NEW YORK — Stocks closed sharply lower Monday after two big rating agencies criticized a fiscal pact between European leaders last week that is aimed at easing the region’s debt crisis.
Fitch Ratings said the deal to more closely bind Europe’s budgets will make little difference. The region will face “a significant economic downturn” as it wrestles with its sovereign debt crisis for another year or more, Fitch said. Moody’s said the summit produced “few new measures.”
Guy LeBas, chief fixed-income strategist at Janney Montgomery Scott, said the agreement “kicks off a process that has a chance of solving the next crisis, not this one. . . . The problem is the changes they’ve agreed to go toward solving the root of current problems 12 months from now.”
The euro Monday hit a 10-week low against the dollar, plunging nearly 2 cents. Yields on Italian bonds rose as investors fretted about that nation’s debt burden. European stocks fell. Treasury yields fell as investors shifted money into U.S. government debt.
Stocks fell broadly, with declines across all 10 industry groups in the Standard & Poor’s 500 index. Falling stocks outnumbered rising ones 4-to-1 on the New York Stock Exchange.
Intel dragged the Dow Jones industrial average lower, falling 4 percent after the chipmaker said its fourth-quarter revenue will be lower than expected because of supply-chain problems. Intel is considered a bellwether for the computer industry because its chips are used in a wide range of products.

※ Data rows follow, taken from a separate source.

definition arrows_out_of_n :: "((int \<times> int) \<times> (int \<times> int)) set" where
  "arrows_out_of_n = {((n, r), (n-1, r + 3)) | r. (n, r) \<in> Ibar n \<xi> fl \<and> (n-1, r + 3) \<in> Ibar_e n vs}"

lemma col_step_fold_col: "(c, s) \<in> V \<Longrightarrow> col_step c = 2 * rr n (fold_col c)"
  using UpsV_column_range[of c s] unfolding col_step_def rr_def fold_col_def by auto

lemma B_arrow_in_Bquiver_rel:
  "(c, s) \<in> V \<Longrightarrow> (c', s') \<in> V \<Longrightarrow> B_arrow (c, s) (c', s') \<Longrightarrow>
     ((fold_col c, s), (fold_col c', s')) \<in> Bquiver_rel n vs"
  unfolding Bquiver_rel_B_arrow by blast

lemma B_arrow_folded_cases:
  assumes u: "(c, s) \<in> V" and v: "(c', s') \<in> V" and arrow: "B_arrow (c, s) (c', s')"
  shows "((fold_col c, s), (fold_col c', s')) \<in>
    same_residue_arrows \<union> adjacent_residue_arrows \<union> arrows_into_n \<union> arrows_out_of_n"
proof -
  consider (same) "c' = c" "s' = s - col_step c"
    | (side) "c \<noteq> n" "c' \<noteq> n" "\<bar>c - c'\<bar> = 1" "s' = s + 2" "(c', s - 2) \<in> V"
    | (into_n) "c \<noteq> n" "c' = n" "\<bar>c - c'\<bar> = 1" "s' = s + 1" "(n, s - 1) \<in> V"
    | (out_of_n) "c = n" "c' \<noteq> n" "\<bar>c - c'\<bar> = 1" "s' = s + 3" "(c', s - 1) \<in> V"
    using arrow unfolding B_arrow_def by auto
  then show ?thesis
  proof cases
    case same
    then have "((fold_col c, s), (fold_col c', s')) \<in> same_residue_arrows"
      using u v col_step_fold_col[OF u] unfolding same_residue_arrows_def Ibar_iff by auto
    then show ?thesis by blast
  next
    case side
    have "(fold_col c', s') \<in> Ibar_e n vs"
      using v side unfolding Ibar_e_iff col_step_def by (intro exI[of _ c']) auto
    then have "((fold_col c, s), (fold_col c', s')) \<in> adjacent_residue_arrows"
      using u side fold_col_adjacent unfolding adjacent_residue_arrows_def Ibar_iff by blast
    then show ?thesis by blast
  next
    case into_n
    then have "c = n-1 \<or> c = n+1" by arith
    then have "fold_col c = n-1" "fold_col c' = n"
      using into_n fold_col_eq_side fold_col_eq_centre by auto
    moreover have "(n, s') \<in> Ibar_e n vs"
      using v into_n unfolding Ibar_e_iff col_step_def
        by (intro exI[of _ n]) (auto simp: fold_col_eq_centre)
    ultimately have "((fold_col c, s), (fold_col c', s')) \<in> arrows_into_n"
      using u into_n unfolding arrows_into_n_def Ibar_iff by auto
    then show ?thesis by blast
  next
    case out_of_n
    then have "c' = n-1 \<or> c' = n+1" by arith
    then have "fold_col c = n" "fold_col c' = n-1"
      using out_of_n fold_col_eq_side fold_col_eq_centre by auto
    moreover have "(n-1, s') \<in> Ibar_e n vs"
      using v out_of_n \<open>fold_col c' = n-1\<close> unfolding Ibar_e_iff col_step_def
        by (intro exI[of _ c']) auto
    ultimately have "((fold_col c, s), (fold_col c', s')) \<in> arrows_out_of_n"
      using u out_of_n unfolding arrows_out_of_n_def Ibar_iff by auto
    then show ?thesis by blast
  qed
qed

lemma same_residue_arrows_subset: "same_residue_arrows \<subseteq> Bquiver_rel n vs"
proof
  fix x assume "x \<in> same_residue_arrows"
  then obtain i r c c' where x: "x = ((i, r), (i, r - 2 * rr n i))"
    and c: "(c, r) \<in> V" "fold_col c = i" and c': "(c', r - 2 * rr n i) \<in> V" "fold_col c' = i"
    unfolding same_residue_arrows_def Ibar_iff by blast
  have step: "col_step c = 2 * rr n i" using col_step_fold_col[OF c(1)] c(2) by simp
  have "c' = c"
  proof (cases "c = n")
    case True
    then have "fold_col c' = n" using c(2) c'(2) by simp
    then show ?thesis using True fold_col_eq_centre by blast
  next
    case False
    then have "4 dvd (r - 2 * rr n i - r)" using step unfolding col_step_def by auto
    then show ?thesis using fold_col_inj[OF c'(1) c(1)] c(2) c'(2) by simp
  qed
  then have "B_arrow (c, r) (c, r - 2 * rr n i)" using step unfolding B_arrow_def by simp
  then show "x \<in> Bquiver_rel n vs" using B_arrow_in_Bquiver_rel c c' x \<open>c' = c\<close> by fastforce
qed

The Dow closed down 162.87 points, or 1.3 percent, at 12,021.39. It was down as much as 243 points before rising in the final hour of trading. The loss erased nearly all of the Dow’s gains from last week.
The S&P 500 lost 18.72 points, or 1.5 percent, to close at 1,236.47. The Nasdaq composite fell 34.59, or 1.3 percent, to close at 2,612.26.
Moody’s said it will review the credit ratings of all European Union nations in the first quarter of next year.